Pinotage: A True South African Original
Love it or hate it, there’s nothing quite like pinotage. The grape and its resulting wine are purely South African, but you’ll also find tiny pockets of it in other regions, including Israel, New Zealand, Canada, and California.
There’s a distinctness about pinotage that makes it instantly recognizable. The aromatics are incredibly spicy, with black fruits, chocolate, and coffee notes. In particularly hot vintages, you might get volatility, which gives rise to acetone or burnt rubber notes. Please note that if you find these aromas in your pinotage, they are not desirable. Because of this, quality-minded producers take vineyard management very seriously, ensuring meticulous canopy management, especially at the end of the growing season.
That being said, there are loads of excellent-quality pinotage wines that can be had on a budget, so it’s worth exploring if you love big reds and if you’re looking to try something that’s a few yards off the beaten path!
The Legacy of Pinotage
Pinotage is a cross between pinot noir and cinsault—two French grapes that on their own have little to no resemblance to their offspring.
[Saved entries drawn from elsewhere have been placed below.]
lemma short_relation_fraction_le:
  assumes p: "prime p" and tp: "t \<le> p" and S: "finite S" and inj: "inj_on (\<lambda>s. g s mod p) S"
    and k: "k \<le> card S"
  shows "real (card {xs \<in> distinct_tuples S k. has_short_relation p t (map g xs)})
      / real (card (distinct_tuples S k))
    \<le> real ((2 * t - 1) ^ k) / (real (card S) + 1 - real k)"
proof (cases k)
  case 0
  then have none: "{xs \<in> distinct_tuples S k. has_short_relation p t (map g xs)} = {}"
    by (auto simp: distinct_tuples_def has_short_relation_def)
  show ?thesis
    unfolding none using \<open>k = 0\<close> by simp
next
  case (Suc k')
  define N where "N = real (card (distinct_tuples S k'))"
  have N: "N > 0"
    using S k Suc by (simp add: N_def card_distinct_tuples_pos)
  have D: "real (card (distinct_tuples S k)) = N * (real (card S) + 1 - real k)"
    using S k Suc by (simp add: N_def card_distinct_tuples_Suc)
  have "real (card {xs \<in> distinct_tuples S k. has_short_relation p t (map g xs)})
      \<le> real ((2 * t - 1) ^ k) * N"
    using card_short_relation_tuples_le[OF p tp S inj, of k'] Suc
    unfolding N_def by (metis of_nat_le_iff of_nat_mult)
  moreover have "real (card S) + 1 - real k > 0"
    using k by linarith
  ultimately show ?thesis
    unfolding D using N by (simp add: divide_simps mult.commute)
qed

lemma inv_mod_spec:
  assumes p: "prime p" and x: "\<not> p dvd x"
  shows "inv_mod p x < p \<and> [x * inv_mod p x = 1] (mod p)"
proof -
  have cop: "coprime x p"
    using prime_imp_coprime[OF p x] by (simp add: coprime_commute)
  then obtain y where y: "[x * y = 1] (mod p)"
    using cong_solve_coprime_nat[OF cop] by auto
  have "y mod p < p \<and> [x * (y mod p) = 1] (mod p)"
    using y p by (simp add: prime_gt_0_nat cong_def mod_mult_right_eq)
  moreover have "z = z'" if "z < p \<and> [x * z = 1] (mod p)" and "z' < p \<and> [x * z' = 1] (mod p)" for z z'
  proof -
    have "[x * z = x * z'] (mod p)"
      using that by (meson cong_sym cong_trans)
    then have "[z = z'] (mod p)"
      using cop by (simp add: cong_mult_lcancel_nat)
    then show ?thesis
      using that cong_less_modulus_unique_nat by blast
  qed
  ultimately have "\<exists>!z. z < p \<and> [x * z = 1] (mod p)"
    by blast
  then show ?thesis
    unfolding inv_mod_def by (rule theI')
qed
The name itself is a mashup of parental names, as cinsault was locally known as Hermitage at that time. Its creator, Abraham Perold, was the Professor of Viticulture at Stellenbosch University. He was hoping to create a hardier grape than pinot noir, which can be very challenging to grow. The first seedlings were planted in 1924, but it wasn’t propagated or planted commercially until 1941.
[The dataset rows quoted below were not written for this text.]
lemma le_fconj_fconj:
  assumes "f \<in> Gamma0" "p0 \<in> subdiff f u0"
  shows "f u \<le> fconj (fconj f) u"
proof (rule ccontr)
  have pf: "proper_fun f" using assms(1) unfolding Gamma0_def by auto
  let ?k = "\<lambda>y. real_of_ereal (f y)"
  assume "\<not> f u \<le> fconj (fconj f) u"
  then obtain \<alpha> where \<alpha>: "fconj (fconj f) u < ereal \<alpha>" "ereal \<alpha> < f u"
    by (meson ereal_dense2 not_le)
  obtain a b c where sep_u: "a \<bullet> u + b * \<alpha> < c"
    and sep_epi: "\<And>y r. f y \<le> ereal r \<Longrightarrow> c < a \<bullet> y + b * r"
    using epigraph_separation[OF assms(1) \<alpha>(2)] by blast
  have sep: "c < a \<bullet> y + b * ?k y" if "y \<in> edom f" for y
    by (rule sep_epi) (simp add: proper_fun_finite[OF pf that, symmetric])
  obtain w \<beta> where minorant: "\<And>y. y \<in> edom f \<Longrightarrow> w \<bullet> y - \<beta> \<le> ?k y"
    and above: "\<alpha> < w \<bullet> u - \<beta>"
  proof (cases b "0::real" rule: linorder_cases)
    case less
    obtain y0 where y0: "y0 \<in> edom f" using pf unfolding proper_fun_def by auto
    define r where "r = max (?k y0) ((c - a \<bullet> y0) / b)"
    have "f y0 \<le> ereal r"
      unfolding r_def by (subst proper_fun_finite[OF pf y0]) simp
    then have "c < a \<bullet> y0 + b * r" by (rule sep_epi)
    moreover have "b * r \<le> b * ((c - a \<bullet> y0) / b)"
      using less unfolding r_def by (intro mult_left_mono_neg) auto
    ultimately show ?thesis using less by simp
  next
    case greater
    show ?thesis
    proof (rule that[of "- (1 / b) *\<^sub>R a" "- c / b"])
      fix y assume "y \<in> edom f"
      then show "(- (1 / b) *\<^sub>R a) \<bullet> y - - c / b \<le> ?k y"
        using sep[of y] greater by (simp add: field_simps)
    next
      show "\<alpha> < (- (1 / b) *\<^sub>R a) \<bullet> u - - c / b"
        using sep_u greater by (simp add: field_simps)
    qed
  next
    case equal
    then have "a \<bullet> u < c" "\<And>y. y \<in> edom f \<Longrightarrow> c < a \<bullet> y" using sep_u sep by simp_all
    then show ?thesis using affine_minorant_large_off_domain[OF pf assms(2)] that by metis
  qed
  have "ereal \<alpha> < ereal (w \<bullet> u - \<beta>)" using above by simp
  also have "\<dots> \<le> fconj (fconj f) u"
    by (rule fconj_fconj_ge_affine_minorant[OF pf]) (rule minorant)
  finally show False using \<alpha>(1) by simp
qed

section \<open>Real convex functions: minorants and the sum rule at a minimum\<close>

lemma convex_on_affine_minorant_extend:
  fixes f :: "'a::euclidean_space \<Rightarrow> real"
  assumes cf: "convex_on D f" and w0: "w0 \<in> interior D" and v: "v \<in> D"
    and minorant: "\<And>y. y \<in> interior D \<Longrightarrow> \<alpha> + g \<bullet> y \<le> f y"
  shows "\<alpha> + g \<bullet> v \<le> f v"
proof (rule ccontr)
  assume fails: "\<not> \<alpha> + g \<bullet> v \<le> f v"
  define \<delta> where "\<delta> = \<alpha> + g \<bullet> v - f v"
  have "\<delta> > 0" using fails unfolding \<delta>_def by simp
  define B where "B = \<bar>f w0 - \<alpha> - g \<bullet> w0\<bar> + \<delta>"
  have "B > 0" "\<delta> \<le> B" using \<open>\<delta> > 0\<close> unfolding B_def by auto
  define s where "s = \<delta> / (4 * B)"
  have s: "0 < s" "s \<le> 1/4"
    using \<open>\<delta> > 0\<close> \<open>B > 0\<close> \<open>\<delta> \<le> B\<close> unfolding s_def by (auto simp: field_simps)
  have "v - s *\<^sub>R (v - w0) \<in> interior D"
    using mem_interior_closure_convex_shrink[OF convex_on_imp_convex[OF cf] w0
        closure_subset[THEN subsetD, OF v] s(1)] s(2) by auto
  moreover have "v - s *\<^sub>R (v - w0) = (1 - s) *\<^sub>R v + s *\<^sub>R w0" by (simp add: algebra_simps)
  ultimately have "\<alpha> + g \<bullet> ((1 - s) *\<^sub>R v + s *\<^sub>R w0) \<le> f ((1 - s) *\<^sub>R v + s *\<^sub>R w0)"
    using minorant by simp
  also have "\<dots> \<le> (1 - s) * f v + s * f w0"
    using convex_onD[OF cf, of s v w0] s v interior_subset w0 by auto
  finally have "(1 - s) * \<delta> \<le> s * (f w0 - \<alpha> - g \<bullet> w0)"
    unfolding \<delta>_def by (simp add: algebra_simps)
  also have "\<dots> \<le> s * B" using s \<open>\<delta> > 0\<close> unfolding B_def by (intro mult_left_mono) auto
  also have "\<dots> = \<delta> / 4" using \<open>B > 0\<close> unfolding s_def by simp
  finally have "(1 - s) * \<delta> \<le> \<delta> / 4" .
  moreover have "(3/4) * \<delta> \<le> (1 - s) * \<delta>" using s \<open>\<delta> > 0\<close> by (intro mult_right_mono) auto
  ultimately show False using \<open>\<delta> > 0\<close> by linarith
qed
The vines thrived remarkably well in the South African climate. In the late 1950s and early ‘60s, pinotage began to win awards on the global stage, inspiring other winegrowers in the country to plant widely.
Of course, it wasn’t an easy road. Early efforts were inconsistent, and the British wine masters were not impressed, which killed its prospects for the export market. However, a handful of loyalists persevered, and the quality began to improve until it eventually took its rightful place as the king of South African red wines.
What Does Pinotage Taste Like?
Pinotage can be medium to full-bodied, depending on where it’s grown. It shows medium tannins and has a distinct black fruit character, with typical aromas and flavors of blackberry, fig, cherry, coffee, earthy chocolate, and spice. In hotter years, it can become jammy with low tannins and very high alcohol content.
Pairing Pinotage with Food
Roasted meats are ideal for pairing with pinotage, as are smoked meats and all kinds of barbeque (known as Braai in South Africa). You’ll find pinotage to be an excellent match for pepperoni pizza or any kind of spicy sausage, charcuterie, or game meats. Try it alongside roast venison with wild blueberry compote—absolute heaven!
Pinotage is uniquely South African, but if you come across an example grown and made elsewhere, just know that it’s a rare find. Unlike merlot or shiraz, pinotage has a rather niche audience, so anyone making it outside SA is doing so purely out of passion.
Bottom line? If you’re the adventurous type, give pinotage a try. It’s an unexpected delight that invites discovery and rewards the curious.